Generally, there exist many neural network methods or types; the back propagation (BP) neural network is mature both in network theory and performance. Its outstanding advantages are strong nonlinear mapping ability and flexible network structure. The schematic of the BP neural network we used is shown in Figure 6. The neural network consists of a fully connected layer, including an input layer, an output layer, and a hidden layer. In theory, the more hidden layers a neural network has, the stronger the fitting function will be. However, deeper layers may lead to overfitting and increase the difficulty of training, thus making the model difficult to converge. We chose four hidden layers with eight neurons in each hidden layer. The ReLU function serves as the activation function of the hidden layer. In this work, we have two neural network models, N₁ and N₂, which have the same structure except for the input layer and the output layer neurons. For N₁, paint thickness and roughness are considered as inputs to the neural network model, while pressure sensitivity is considered as outputs for the neural network model. For N₂, the pressure sensitivity is the input and coefficient A is the output.

3.2. Data Augmentation

The schematic of the data augmentation method is shown in Figure 7. The method randomly generates augmentation data points for the calibrated experimental data points within a certain confidence interval. The 30 pieces of data in D₁ are denoted as A_o and the model trained with A_o is denoted as M_o. Each calibration data point randomly generates 1 augmentation data point to form a new dataset, denoted as A₁. We call the number of augmentation data points the data augmentation factor. The same method is used to increase the data augmentation factor to 10, 50, 100, 500, and 1000; those datasets are denoted as A₁₀, A₅₀, A₁₀₀, A₅₀₀, and A₁₀₀₀, respectively. The ANNs trained with the above augmentation datasets are denoted as M₁, M₁₀, M₅₀, M₁₀₀, M₅₀₀, and M₁₀₀₀, respectively. The corresponding relationship between the data augmentation factor, dataset, and the corresponding neural network model is shown in

Table 5. Dataset and corresponding neural network model.
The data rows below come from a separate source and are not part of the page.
(* Fix integers $d\ge 1$ and $n\ge 1$. There exists a bijection $\phi_d:\mathcal{H}_n\to\mathcal{H}_n$ such that $\mathrm{dif}_d(\lambda)\ge\mathrm{mod}'_d(\phi_d(\lambda))$ for every $\lambda\in\mathcal{H}_n$. Moreover, for every $\lambda\in\mathcal{H}_n$, $\mathrm{dif}_d(\lambda)=0$ if and only if $\mathrm{mod}'_d(\phi_d(\lambda))=0$.
   Context: A partition is a finite nonempty weakly decreasing sequence $\lambda=(\lambda_1,\ldots,\lambda_k)$ of positive integers; $\ell(\lambda)=k$. The perimeter is $\Gamma(\lambda)=\lambda_1+\ell(\lambda)-1$; $\mathcal{H}_n$ is the set of partitions with perimeter $n$. $\mathrm{dif}_d(\lambda)=|\{i:1\le i<\ell(\lambda),\ \lambda_i-\lambda_{i+1}<d\}|$ and $\mathrm{mod}'_d(\lambda)=|\{i:1\le i\le\ell(\lambda),\ \lambda_i\not\equiv 1\pmod{d+1}\}|$. *)

theory Defs
  imports Main
begin

text \<open>A partition is a nonempty weakly decreasing finite list of positive integers.
  Entries are stored as a list; list index i (0-based) corresponds to part lambda_(i+1).\<close>

definition is_partition :: "nat list \<Rightarrow> bool" where
  "is_partition xs \<longleftrightarrow> xs \<noteq> [] \<and> sorted_wrt (\<ge>) xs \<and> (\<forall>x\<in>set xs. 0 < x)"

definition perimeter :: "nat list \<Rightarrow> nat" where
  "perimeter xs = hd xs + length xs - 1"

definition H :: "nat \<Rightarrow> nat list set" where
  "H n = {xs. is_partition xs \<and> perimeter xs = n}"

definition dif :: "nat \<Rightarrow> nat list \<Rightarrow> nat" where
  "dif d xs = card {i. i + 1 < length xs \<and> int (xs ! i) - int (xs ! (i + 1)) < int d}"

definition modp :: "nat \<Rightarrow> nat list \<Rightarrow> nat" where
  "modp d xs = card {i. i < length xs \<and> xs ! i mod (d + 1) \<noteq> 1 mod (d + 1)}"

end

theory Submission
  imports Defs
begin

text \<open>A partition of perimeter \<open>n\<close> is encoded by a word \<open>w\<close> of \<open>n - 1\<close> letters: reading
  \<open>w @ [True]\<close> from left to right, each True produces a part equal to one plus the number
  of False letters before it. So a part is counted by \<open>mod'\<^sub>d\<close> iff the number of False
  letters before its True is not a multiple of \<open>d + 1\<close>, and a pair of consecutive parts is
  counted by \<open>dif\<^sub>d\<close> iff fewer than \<open>d\<close> False letters separate their True letters.

  The recoding flips exactly the letters read while the number of False letters read so far
  is a multiple of \<open>d + 1\<close>. Each such False becomes a True, and every True of \<open>w\<close> counted
  by \<open>mod'\<^sub>d\<close> is kept, with fewer than \<open>d\<close> False letters between it and the preceding True
  of the recoded word; hence \<open>dif\<^sub>d\<close> of the recoded partition dominates \<open>mod'\<^sub>d\<close> of the
  original. If \<open>mod'\<^sub>d\<close> vanishes, the True letters of the recoded word are exactly the
  flipped False letters, which are at least \<open>d\<close> False letters apart, so \<open>dif\<^sub>d\<close> vanishes
  as well. The bijection \<open>\<phi>\<^sub>d\<close> is the inverse of the recoding, transported to partitions.\<close>

fun parts :: "nat \<Rightarrow> bool list \<Rightarrow> nat list" where
  "parts c [] = []"
| "parts c (False # w) = parts (Suc c) w"
| "parts c (True # w) = parts c w @ [Suc c]"

definition partition_of_word :: "bool list \<Rightarrow> nat list" where
  "partition_of_word w = parts 0 (w @ [True])"

fun word_of_parts :: "nat \<Rightarrow> nat list \<Rightarrow> bool list" where
  "word_of_parts c [] = []"
| "word_of_parts c [y] = replicate (y - Suc c) False"
| "word_of_parts c (y # z # zs) = replicate (y - Suc c) False @ True # word_of_parts (y - 1) (z # zs)"

definition word_of_partition :: "nat list \<Rightarrow> bool list" where
  "word_of_partition p = word_of_parts 0 (rev p)"

lemma set_parts_gt: "x \<in> set (parts c w) \<Longrightarrow> c < x"
  by (induction c w rule: parts.induct) auto

lemma sorted_wrt_parts: "sorted_wrt (\<ge>) (parts c w)"
  by (induction c w rule: parts.induct) (auto simp: sorted_wrt_append dest: set_parts_gt)

lemma parts_snoc_True_ne_Nil: "parts c (w @ [True]) \<noteq> []"
  by (induction c w rule: parts.induct) auto

lemma perimeter_parts: "perimeter (parts c (w @ [True])) = Suc (c + length w)"
  by (induction c w rule: parts.induct) (auto simp: perimeter_def parts_snoc_True_ne_Nil)

lemma partition_of_word_in_H: "partition_of_word w \<in> H (Suc (length w))"
  by (auto simp: H_def is_partition_def partition_of_word_def perimeter_parts
      sorted_wrt_parts parts_snoc_True_ne_Nil dest: set_parts_gt)

lemma parts_replicate_False: "parts c (replicate k False @ w) = parts (c + k) w"
  by (induction k arbitrary: c) auto

lemma parts_word_of_parts:
  "sorted ys \<Longrightarrow> ys \<noteq> [] \<Longrightarrow> \<forall>y\<in>set ys. c < y \<Longrightarrow>
    parts c (word_of_parts c ys @ [True]) = rev ys"
proof (induction c ys rule: word_of_parts.induct)
  case (3 c y z zs)
  then have "parts (y - 1) (word_of_parts (y - 1) (z # zs) @ [True]) = rev (z # zs)"
    by (intro "3.IH") auto
  then show ?case
    using "3.prems" by (simp add: parts_replicate_False)
qed (auto simp: parts_replicate_False)

lemma word_of_parts_shift:
  assumes "ys \<noteq> []" "Suc c < hd ys"
  shows "word_of_parts c ys = False # word_of_parts (Suc c) ys"
proof -
  have "replicate (y - Suc c) False = False # replicate (y - Suc (Suc c)) False" if "Suc c < y" for y
    using that by (metis Suc_diff_Suc replicate_Suc)
  then show ?thesis
    using assms by (cases "(c, ys)" rule: word_of_parts.cases) auto
qed

lemma word_of_parts_parts: "word_of_parts c (rev (parts c (w @ [True]))) = w"
proof (induction c w rule: parts.induct)
  case (2 c w)
  have "Suc c < hd (rev (parts (Suc c) (w @ [True])))"
    by (metis hd_in_set set_parts_gt parts_snoc_True_ne_Nil rev_is_Nil_conv set_rev)
  then show ?case
    using 2 word_of_parts_shift parts_snoc_True_ne_Nil by (simp add: rev_is_Nil_conv)
next
  case (3 c w)
  then show ?case
    using parts_snoc_True_ne_Nil[of c w] by (cases "rev (parts c (w @ [True]))") auto
qed simp

lemma word_of_partition_of_word: "word_of_partition (partition_of_word w) = w"
  by (simp add: word_of_partition_def partition_of_word_def word_of_parts_parts)

lemma partition_of_word_of_partition:
  "is_partition p \<Longrightarrow> partition_of_word (word_of_partition p) = p"
  by (simp add: word_of_partition_def partition_of_word_def is_partition_def
      parts_word_of_parts sorted_wrt_rev)

lemma length_word_of_partition:
  assumes "p \<in> H n"
  shows "Suc (length (word_of_partition p)) = n"
proof -
  have "p = partition_of_word (word_of_partition p)"
    using assms by (simp add: H_def partition_of_word_of_partition)
  then have "perimeter p = Suc (length (word_of_partition p))"
    by (metis partition_of_word_def perimeter_parts add_0)
  then show ?thesis
    using assms by (simp add: H_def)
qed

lemma bij_betw_partition_of_word: "bij_betw partition_of_word {w. Suc (length w) = n} (H n)"
  using partition_of_word_in_H length_word_of_partition
  by (intro bij_betw_byWitness[where f' = word_of_partition])
    (auto simp: word_of_partition_of_word partition_of_word_of_partition H_def)

lemma bij_betw_word_of_partition: "bij_betw word_of_partition (H n) {w. Suc (length w) = n}"
  using partition_of_word_in_H length_word_of_partition
  by (intro bij_betw_byWitness[where f' = partition_of_word])
    (auto simp: word_of_partition_of_word partition_of_word_of_partition H_def)

fun recode :: "nat \<Rightarrow> nat \<Rightarrow> bool list \<Rightarrow> bool list" where
  "recode m c [] = []"
| "recode m c (a # w) = (a \<noteq> (m dvd c)) # recode m (if a then c else Suc c) w"

fun unrecode :: "nat \<Rightarrow> nat \<Rightarrow> bool list \<Rightarrow> bool list" where
  "unrecode m c [] = []"
| "unrecode m c (b # v) = (b \<noteq> (m dvd c)) # unrecode m (if b \<noteq> (m dvd c) then c else Suc c) v"

lemma recode_unrecode: "recode m c (unrecode m c v) = v"
  by (induction m c v rule: unrecode.induct) auto

lemma unrecode_recode: "unrecode m c (recode m c w) = w"
  by (induction m c w rule: recode.induct) auto

lemma length_unrecode: "length (unrecode m c v) = length v"
  by (induction m c v rule: unrecode.induct) auto

lemma length_recode: "length (recode m c w) = length w"
  by (induction m c w rule: recode.induct) auto

lemma bij_betw_unrecode: "bij_betw (unrecode m c) {w. P (length w)} {w. P (length w)}"
  by (rule bij_betw_byWitness[where f' = "recode m c"])
    (auto simp: recode_unrecode unrecode_recode length_recode length_unrecode)

lemma dif_conv_filter:
  "dif d xs = length (filter (\<lambda>(a, b). int a - int b < int d) (zip xs (tl xs)))"
  unfolding dif_def length_filter_conv_card by (rule arg_cong[where f = card]) (auto simp: nth_tl)

lemma dif_snoc:
  "xs \<noteq> [] \<Longrightarrow> dif d (xs @ [x]) = dif d xs + (if int (last xs) - int x < int d then 1 else 0)"
  by (induction xs rule: induct_list012) (auto simp: dif_conv_filter)

lemma modp_conv_filter: "modp d xs = length (filter (\<lambda>x. x mod Suc d \<noteq> 1 mod Suc d) xs)"
  unfolding modp_def length_filter_conv_card by simp

text \<open>The state \<open>g\<close> is the number of False letters read since the last True,
  or \<open>None\<close> before the first True.\<close>

fun word_dif :: "nat \<Rightarrow> nat option \<Rightarrow> bool list \<Rightarrow> nat" where
  "word_dif d g [] = 0"
| "word_dif d g (False # w) = word_dif d (map_option Suc g) w"
| "word_dif d g (True # w) = (if \<exists>r<d. g = Some r then 1 else 0) + word_dif d (Some 0) w"

lemma dif_parts_snoc: "dif d (parts (c + r) w @ [Suc c]) = word_dif d (Some r) w"
proof (induction w arbitrary: c r)
  case (Cons a w)
  show ?case
  proof (cases a)
    case True
    have "dif d (parts (c + r) w @ [Suc (c + r), Suc c])
        = dif d (parts (c + r) w @ [Suc (c + r)]) + (if r < d then 1 else 0)"
      using dif_snoc[of "parts (c + r) w @ [Suc (c + r)]" d "Suc c"] by simp
    also have "dif d (parts (c + r) w @ [Suc (c + r)]) = word_dif d (Some 0) w"
      using Cons.IH[of "c + r" 0] by simp
    finally show ?thesis
      using True by simp
  next
    case False
    then show ?thesis
      using Cons.IH[of c "Suc r"] by simp
  qed
qed (simp add: dif_conv_filter)

lemma dif_parts: "dif d (parts c w) = word_dif d None w"
proof (induction c w rule: parts.induct)
  case (3 c w)
  then show ?case
    using dif_parts_snoc[of d c 0 w] by simp
qed (simp_all add: dif_conv_filter)

lemma modp_snoc_Suc: "modp d (xs @ [Suc c]) = modp d xs + (if Suc d dvd c then 0 else 1)"
proof -
  have "Suc c mod Suc d = 1 mod Suc d \<longleftrightarrow> Suc d dvd c"
    by (auto simp: mod_Suc dvd_eq_mod_eq_0 split: if_splits)
  then show ?thesis
    by (simp add: modp_conv_filter)
qed

lemma Suc_mod_not_dvd: "\<not> m dvd Suc c \<Longrightarrow> Suc c mod m = Suc (c mod m)"
  by (metis dvd_eq_mod_eq_0 mod_Suc)

lemma modp_singleton_Suc: "modp d [Suc c] = (if Suc d dvd c then 0 else 1)"
  using modp_snoc_Suc[of d "[]" c] by (simp add: modp_def)

lemma less_mod_SucD: "r < c mod Suc d \<Longrightarrow> r < d"
  using mod_less_divisor[of "Suc d" c] by linarith

lemma modp_parts_le_word_dif_recode:
  assumes "\<not> Suc d dvd c \<Longrightarrow> \<exists>r < c mod Suc d. g = Some r"
  shows "modp d (parts c (w @ [True])) \<le> word_dif d g (recode (Suc d) c w @ [True])"
  using assms
proof (induction w arbitrary: c g)
  case Nil
  then show ?case
    by (auto simp: modp_singleton_Suc dvd_eq_mod_eq_0 dest: less_mod_SucD)
next
  case (Cons a w)
  let ?m = "modp d (parts c (w @ [True]))" and ?v = "recode (Suc d) c w @ [True]"
  let ?m' = "modp d (parts (Suc c) (w @ [True]))" and ?v' = "recode (Suc d) (Suc c) w @ [True]"
  consider "a" "Suc d dvd c" | "a" "\<not> Suc d dvd c" | "\<not> a" "Suc d dvd c" | "\<not> a" "\<not> Suc d dvd c"
    by blast
  then show ?case
  proof cases
    case 1
    then have "?m \<le> word_dif d (map_option Suc g) ?v"
      by (intro Cons.IH) simp
    with 1 show ?thesis
      by (simp add: modp_snoc_Suc)
  next
    case 2
    then obtain r where "r < c mod Suc d" "g = Some r"
      using Cons.prems by blast
    moreover have "?m \<le> word_dif d (Some 0) ?v"
      using 2 by (intro Cons.IH) (auto simp: dvd_eq_mod_eq_0)
    ultimately show ?thesis
      using 2 by (auto simp: modp_snoc_Suc dest: less_mod_SucD)
  next
    case 3
    then have "?m' \<le> word_dif d (Some 0) ?v'"
      by (intro Cons.IH) (auto simp: dvd_eq_mod_eq_0)
    with 3 show ?thesis
      by simp
  next
    case 4
    then obtain r where "r < c mod Suc d" "g = Some r"
      using Cons.prems by blast
    then have "?m' \<le> word_dif d (Some (Suc r)) ?v'"
      by (intro Cons.IH) (auto simp: Suc_mod_not_dvd)
    with 4 \<open>g = Some r\<close> show ?thesis
      by simp
  qed
qed

lemma word_dif_recode_eq_0:
  assumes "modp d (parts c (w @ [True])) = 0"
    and "\<And>r. g = Some r \<Longrightarrow> c mod Suc d \<le> Suc r"
    and "\<And>r. g = Some r \<Longrightarrow> Suc d dvd c \<Longrightarrow> d \<le> r"
  shows "word_dif d g (recode (Suc d) c w @ [True]) = 0"
  using assms
proof (induction w arbitrary: c g)
  case Nil
  have "Suc d dvd c"
    using Nil.prems(1) by (simp add: modp_singleton_Suc split: if_splits)
  with Nil.prems(3) show ?case
    by force
next
  case (Cons a w)
  show ?case
  proof (cases a)
    case True
    then have "Suc d dvd c" "modp d (parts c (w @ [True])) = 0"
      using Cons.prems(1) by (simp_all add: modp_snoc_Suc split: if_splits)
    then have "word_dif d (map_option Suc g) (recode (Suc d) c w @ [True]) = 0"
      using Cons.prems(3) by (intro Cons.IH) (force simp: dvd_eq_mod_eq_0)+
    with True \<open>Suc d dvd c\<close> show ?thesis
      by simp
  next
    case False
    then have "modp d (parts (Suc c) (w @ [True])) = 0"
      using Cons.prems(1) by simp
    then have "word_dif d (if Suc d dvd c then Some 0 else map_option Suc g)
        (recode (Suc d) (Suc c) w @ [True]) = 0"
      using Cons.prems(2,3) by (intro Cons.IH) (auto simp: mod_Suc dvd_eq_mod_eq_0 split: if_splits)
    with False Cons.prems(3) show ?thesis
      by (auto split: if_splits)
  qed
qed

lemma modp_le_dif_recode:
  "modp d (partition_of_word w) \<le> dif d (partition_of_word (recode (Suc d) 0 w))"
  using modp_parts_le_word_dif_recode[of d 0 None w]
  by (simp add: partition_of_word_def dif_parts)

lemma dif_recode_eq_0:
  "modp d (partition_of_word w) = 0 \<Longrightarrow> dif d (partition_of_word (recode (Suc d) 0 w)) = 0"
  using word_dif_recode_eq_0[of d 0 w None]
  by (simp add: partition_of_word_def dif_parts)

theorem theorem3p6:
  fixes d n :: nat
  assumes "d \<ge> 1" and "n \<ge> 1"
  shows "\<exists>\<phi>. bij_betw \<phi> (H n) (H n) \<and>
           (\<forall>p\<in>H n. dif d p \<ge> modp d (\<phi> p)) \<and>
           (\<forall>p\<in>H n. dif d p = 0 \<longleftrightarrow> modp d (\<phi> p) = 0)"
proof -
  define \<phi> where "\<phi> = partition_of_word \<circ> unrecode (Suc d) 0 \<circ> word_of_partition"
  have "bij_betw \<phi> (H n) (H n)"
    unfolding \<phi>_def comp_assoc
    by (rule bij_betw_trans[OF bij_betw_trans[OF bij_betw_word_of_partition
          bij_betw_unrecode[where P = "\<lambda>l. Suc l = n"]] bij_betw_partition_of_word])
  moreover have "modp d (\<phi> p) \<le> dif d p \<and> (dif d p = 0 \<longleftrightarrow> modp d (\<phi> p) = 0)"
    if "p \<in> H n" for p
  proof -
    define w where "w = unrecode (Suc d) 0 (word_of_partition p)"
    have "p = partition_of_word (recode (Suc d) 0 w)"
      using that by (simp add: w_def recode_unrecode partition_of_word_of_partition H_def)
    moreover have "\<phi> p = partition_of_word w"
      by (simp add: \<phi>_def w_def)
    ultimately show ?thesis
      using modp_le_dif_recode[of d w] dif_recode_eq_0[of d w] by auto
  qed
  ultimately show ?thesis
    by blast
qed

end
Data Augmentation Factor	Dataset	Model
\	Ao	Mo
1	A1	M1
10	A10	M10
50	A50	M50
100	A100	M100
500	A500	M500
1000	A1000	M1000

. This method is not applied to dataset D₂ due to the simplicity of the prediction task.

3.3. Dropout

In the model of machine learning, if the model has too many parameters and too few training samples, the trained model easily produces the overfitting phenomenon. In order to prevent overfitting in the training phase, the neurons were randomly removed. For each layer in a dense (or fully connected) network, a probability p of dropout is given. In each iteration, the probability that each neuron is removed is p. The paper by Hinton et al. suggests an input layer dropout probability of “p = 0.2” and a hidden layer dropout probability of “p = 0.5” [21]. Obviously, there is interest in the output layer, which is a prediction. So, we do not apply dropout at the output layer. The schematic of the dropout method is shown in Figure 8. To prevent overfitting under the large data augmentation factor, the dropout method is applied when the data augmentation factor is 10, 50, 100, 500, and 1000.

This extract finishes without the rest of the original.